[Data excerpts]
————

(* Let $(\mathfrak g,\mu,P)$ be a Nijenhuis Lie algebra and $(M,P_M)$ a Nijenhuis representation over it. Then the map $\Psi_M:\mathrm C^\bullet_{\mathrm{Lie}}(\mathfrak g,M)\to\mathrm C^\bullet_{\mathrm{NjO}}(\mathfrak g,M)$ is a chain map, i.e. $\Psi_M\circ\delta_{\mathrm{Lie},M}=\delta_{\mathrm{NjO},M}\circ\Psi_M$.
   Context: All vector spaces are over a field $\mathbf k$ of characteristic $0$. A Nijenhuis Lie algebra is a Lie algebra $(\mathfrak g,\mu=[-,-]_\mu)$ with linear $P:\mathfrak g\to\mathfrak g$ satisfying $[Pa,Pb]_\mu=P([Pa,b]_\mu+[a,Pb]_\mu-P[a,b]_\mu)$. A Nijenhuis representation is a Lie algebra representation $M$ of $(\mathfrak g,\mu)$ (action $ax$) with linear $P_M:M\to M$ such that $P(a)P_M(x)=P_M(P(a)x+aP_M(x)-P_M(ax))$. Chevalley–Eilenberg complex: $\mathrm C^n_{\mathrm{Lie}}(\mathfrak g,M)=\mathrm{Hom}(\wedge^n\mathfrak g,M)$, $\delta_{\mathrm{Lie},M}(f)(a_1,\dots,a_{n+1})=\sum_i(-1)^{i-1}a_if(\dots,\widehat{a_i},\dots)+\sum_{i<j}(-1)^{i+j}f([a_i,a_j]_\mu,\dots,\widehat{a_i},\dots,\widehat{a_j},\dots)$. With $[a,b]_P:=[Pa,b]_\mu+[a,Pb]_\mu-P[a,b]_\mu$, let $\partial$ be the Chevalley–Eilenberg differential of $[-,-]_P$ with coefficients in $M$ with action $a\rhd x:=P(a)x$, i.e. $\partial(f)(a_1,\dots,a_{n+1})=\sum_i(-1)^{i-1}P(a_i)f(\dots,\widehat{a_i},\dots)+\sum_{i<j}(-1)^{i+j}f([a_i,a_j]_P,\dots,\widehat{a_i},\dots,\widehat{a_j},\dots)$. Then $\mathrm C^n_{\mathrm{NjO}}(\mathfrak g,M):=\mathrm{Hom}(\wedge^n\mathfrak g,M)$ with $\delta_{\mathrm{NjO},M}(f):=-P_M\circ\delta_{\mathrm{Lie},M}(f)+\partial(f)$. The map $\Psi_M$ is $\mathrm{Id}_M$ in degree $0$, and for $n\ge1$, $f\in\mathrm C^n_{\mathrm{Lie}}(\mathfrak g,M)$: $\Psi_M(f)(a_1,\dots,a_n)=\sum_{k=0}^n\sum_{1\le i_1<\dots<i_k\le n}(-1)^{n-k}P_M^{\,n-k}\big(f(a_1,\dots,P(a_{i_1}),\dots,P(a_{i_k}),\dots,a_n)\big)$, where $P$ is applied exactly to the arguments in positions $i_1,\dots,i_k$. *)

theory Defs
  imports Complex_Main
begin

text \<open>Vector spaces over a field 'k (characteristic 0) are modelled by types
  'g, 'm of class ab_group_add together with scalar multiplications sg, sm
  satisfying the axioms of the library locale vector_space.
  n-cochains Hom(wedge^n g, M) are modelled as functions f :: 'g list \<Rightarrow> 'm
  that are multilinear and alternating on lists of length n
  (values on lists of other lengths are irrelevant).\<close>

definition lie_algebra ::
  "('k::field \<Rightarrow> 'g::ab_group_add \<Rightarrow> 'g) \<Rightarrow> ('g \<Rightarrow> 'g \<Rightarrow> 'g) \<Rightarrow> bool" where
  "lie_algebra sg br \<longleftrightarrow>
     Vector_Spaces.vector_space sg \<and>
     (\<forall>a. Vector_Spaces.linear sg sg (br a)) \<and> (\<forall>b. Vector_Spaces.linear sg sg (\<lambda>a. br a b)) \<and>
     (\<forall>a. br a a = 0) \<and>
     (\<forall>a b c. br a (br b c) + br b (br c a) + br c (br a b) = 0)"

definition lie_rep ::
  "('k::field \<Rightarrow> 'g::ab_group_add \<Rightarrow> 'g) \<Rightarrow> ('k \<Rightarrow> 'm::ab_group_add \<Rightarrow> 'm) \<Rightarrow>
   ('g \<Rightarrow> 'g \<Rightarrow> 'g) \<Rightarrow> ('g \<Rightarrow> 'm \<Rightarrow> 'm) \<Rightarrow> bool" where
  "lie_rep sg sm br act \<longleftrightarrow>
     lie_algebra sg br \<and> Vector_Spaces.vector_space sm \<and>
     (\<forall>a. Vector_Spaces.linear sm sm (act a)) \<and> (\<forall>x. Vector_Spaces.linear sg sm (\<lambda>a. act a x)) \<and>
     (\<forall>a b x. act (br a b) x = act a (act b x) - act b (act a x))"

definition nijenhuis_lie ::
  "('k::field \<Rightarrow> 'g::ab_group_add \<Rightarrow> 'g) \<Rightarrow> ('g \<Rightarrow> 'g \<Rightarrow> 'g) \<Rightarrow> ('g \<Rightarrow> 'g) \<Rightarrow> bool" where
  "nijenhuis_lie sg br P \<longleftrightarrow>
     lie_algebra sg br \<and> Vector_Spaces.linear sg sg P \<and>
     (\<forall>a b. br (P a) (P b) = P (br (P a) b + br a (P b) - P (br a b)))"

definition nijenhuis_rep ::
  "('k::field \<Rightarrow> 'g::ab_group_add \<Rightarrow> 'g) \<Rightarrow> ('k \<Rightarrow> 'm::ab_group_add \<Rightarrow> 'm) \<Rightarrow>
   ('g \<Rightarrow> 'g \<Rightarrow> 'g) \<Rightarrow> ('g \<Rightarrow> 'g) \<Rightarrow> ('g \<Rightarrow> 'm \<Rightarrow> 'm) \<Rightarrow> ('m \<Rightarrow> 'm) \<Rightarrow> bool" where
  "nijenhuis_rep sg sm br P act PM \<longleftrightarrow>
     nijenhuis_lie sg br P \<and> lie_rep sg sm br act \<and> Vector_Spaces.linear sm sm PM \<and>
     (\<forall>a x. act (P a) (PM x) = PM (act (P a) x + act a (PM x) - PM (act a x)))"

definition cochain ::
  "('k::field \<Rightarrow> 'g::ab_group_add \<Rightarrow> 'g) \<Rightarrow> ('k \<Rightarrow> 'm::ab_group_add \<Rightarrow> 'm) \<Rightarrow>
   nat \<Rightarrow> ('g list \<Rightarrow> 'm) \<Rightarrow> bool" where
  "cochain sg sm n f \<longleftrightarrow>
     (\<forall>as i a b. length as = n \<longrightarrow> i < n \<longrightarrow>
        f (as[i := a + b]) = f (as[i := a]) + f (as[i := b])) \<and>
     (\<forall>as i c a. length as = n \<longrightarrow> i < n \<longrightarrow>
        f (as[i := sg c a]) = sm c (f (as[i := a]))) \<and>
     (\<forall>as i j. length as = n \<longrightarrow> i < j \<longrightarrow> j < n \<longrightarrow> as ! i = as ! j \<longrightarrow> f as = 0)"

definition sgnp :: "nat \<Rightarrow> 'm::ab_group_add \<Rightarrow> 'm" where
  "sgnp i x = (if even i then x else - x)"

definition del :: "nat \<Rightarrow> 'a list \<Rightarrow> 'a list" where
  "del i as = take i as @ drop (Suc i) as"

text \<open>Chevalley--Eilenberg differential of bracket br with coefficients in action act,
  evaluated on a list as = (a_1,...,a_{n+1}) (0-indexed positions, signs adjusted).\<close>
definition CE_diff ::
  "('g \<Rightarrow> 'g \<Rightarrow> 'g) \<Rightarrow> ('g \<Rightarrow> 'm::ab_group_add \<Rightarrow> 'm) \<Rightarrow> ('g list \<Rightarrow> 'm) \<Rightarrow> ('g list \<Rightarrow> 'm)" where
  "CE_diff br act f as =
     (\<Sum>i<length as. sgnp i (act (as ! i) (f (del i as))))
   + (\<Sum>j<length as. \<Sum>i<j. sgnp (i + j) (f (br (as ! i) (as ! j) # del i (del j as))))"

definition delta_Lie ::
  "('g \<Rightarrow> 'g \<Rightarrow> 'g) \<Rightarrow> ('g \<Rightarrow> 'm::ab_group_add \<Rightarrow> 'm) \<Rightarrow> ('g list \<Rightarrow> 'm) \<Rightarrow> ('g list \<Rightarrow> 'm)" where
  "delta_Lie br act f = CE_diff br act f"

definition bracketP :: "('g::ab_group_add \<Rightarrow> 'g \<Rightarrow> 'g) \<Rightarrow> ('g \<Rightarrow> 'g) \<Rightarrow> 'g \<Rightarrow> 'g \<Rightarrow> 'g" where
  "bracketP br P a b = br (P a) b + br a (P b) - P (br a b)"

definition delta_NjO ::
  "('g::ab_group_add \<Rightarrow> 'g \<Rightarrow> 'g) \<Rightarrow> ('g \<Rightarrow> 'g) \<Rightarrow> ('g \<Rightarrow> 'm::ab_group_add \<Rightarrow> 'm) \<Rightarrow> ('m \<Rightarrow> 'm)
   \<Rightarrow> ('g list \<Rightarrow> 'm) \<Rightarrow> ('g list \<Rightarrow> 'm)" where
  "delta_NjO br P act PM f as =
     - PM (delta_Lie br act f as) + CE_diff (bracketP br P) (\<lambda>a x. act (P a) x) f as"

definition applyP_at :: "('g \<Rightarrow> 'g) \<Rightarrow> nat set \<Rightarrow> 'g list \<Rightarrow> 'g list" where
  "applyP_at P S as = map (\<lambda>i. if i \<in> S then P (as ! i) else as ! i) [0..<length as]"

definition Psi ::
  "('g \<Rightarrow> 'g) \<Rightarrow> ('m::ab_group_add \<Rightarrow> 'm) \<Rightarrow> ('g list \<Rightarrow> 'm) \<Rightarrow> ('g list \<Rightarrow> 'm)" where
  "Psi P PM f as =
     (\<Sum>S | S \<subseteq> {..<length as}.
        sgnp (length as - card S) ((PM ^^ (length as - card S)) (f (applyP_at P S as))))"

end

theory Submission
  imports Defs
begin

text \<open>With Q = -P_M and subsets of positions encoded as boolean masks, \<Psi> f (a_1,...,a_n) is
  the sum over all masks of Q^k f(a'), where a' applies P at the marked positions and k counts
  the unmarked ones. Splitting this sum at the positions singled out by a term of \<delta>_Lie does
  the computation. For the action term of a = a_i, the two values of bit i give
  Q^k (P(a) y) + Q^(k+1) (a y) = Q^k (L y) with L x = P(a) x + Q (a x); the Nijenhuis
  representation identity says exactly that L commutes with Q, so these add up to L (\<Psi> f (...)).
  For the bracket term of a = a_i, b = a_j the four values of bits i, j give f at [Pa,Pb],
  [Pa,b], [a,Pb], [a,b]; the identities [Pa,Pb] = P[a,b]_P and [Pa,b] + [a,Pb] = [a,b]_P + P[a,b]
  regroup them into the bracket terms of Q \<delta>_Lie \<Psi> f and \<partial> \<Psi> f.
  Only additivity (of P_M, of the action, and of f in one argument) is used.\<close>

lemma additive_funpow:
  fixes Q :: "'a::ab_group_add \<Rightarrow> 'a"
  shows "additive Q \<Longrightarrow> additive (Q ^^ k)"
  by (induction k) (simp_all add: additive_def)

lemma additive_comp: "additive g \<Longrightarrow> additive h \<Longrightarrow> additive (\<lambda>x. g (h x))"
  by (simp add: additive_def)

lemma additive_sgnp: "additive g \<Longrightarrow> g (sgnp i x) = sgnp i (g x)"
  by (simp add: sgnp_def additive.minus)

lemma sgnp_add: "sgnp i (x + y) = sgnp i x + sgnp i y"
  by (simp add: sgnp_def)

lemma sgnp_sum: "sgnp i (sum g A) = (\<Sum>x\<in>A. sgnp i (g x))"
  by (simp add: sgnp_def sum_negf)

lemma sgnp_funpow:
  fixes PM :: "'a::ab_group_add \<Rightarrow> 'a"
  assumes "additive PM"
  shows "sgnp k ((PM ^^ k) x) = ((\<lambda>x. - PM x) ^^ k) x"
proof (induction k)
  case (Suc k)
  have "sgnp (Suc k) ((PM ^^ Suc k) x) = - PM (sgnp k ((PM ^^ k) x))"
    by (simp add: sgnp_def additive.minus[OF assms])
  then show ?case by (simp add: Suc.IH)
qed (simp add: sgnp_def)

definition insert_at :: "nat \<Rightarrow> 'a \<Rightarrow> 'a list \<Rightarrow> 'a list" where
  "insert_at i x xs = take i xs @ x # drop i xs"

————

WHAT NEEDS TO BE DONE: Return, with no change at all, every line in the entries above from the line containing "(\<forall>as i j." through the line containing "(\<Sum>i<length as. sgnp".

ANSWER TO THE EXERCISE:
     (\<forall>as i j. length as = n \<longrightarrow> i < j \<longrightarrow> j < n \<longrightarrow> as ! i = as ! j \<longrightarrow> f as = 0)"

definition sgnp :: "nat \<Rightarrow> 'm::ab_group_add \<Rightarrow> 'm" where
  "sgnp i x = (if even i then x else - x)"

definition del :: "nat \<Rightarrow> 'a list \<Rightarrow> 'a list" where
  "del i as = take i as @ drop (Suc i) as"

text \<open>Chevalley--Eilenberg differential of bracket br with coefficients in action act,
  evaluated on a list as = (a_1,...,a_{n+1}) (0-indexed positions, signs adjusted).\<close>
definition CE_diff ::
  "('g \<Rightarrow> 'g \<Rightarrow> 'g) \<Rightarrow> ('g \<Rightarrow> 'm::ab_group_add \<Rightarrow> 'm) \<Rightarrow> ('g list \<Rightarrow> 'm) \<Rightarrow> ('g list \<Rightarrow> 'm)" where
  "CE_diff br act f as =
     (\<Sum>i<length as. sgnp i (act (as ! i) (f (del i as))))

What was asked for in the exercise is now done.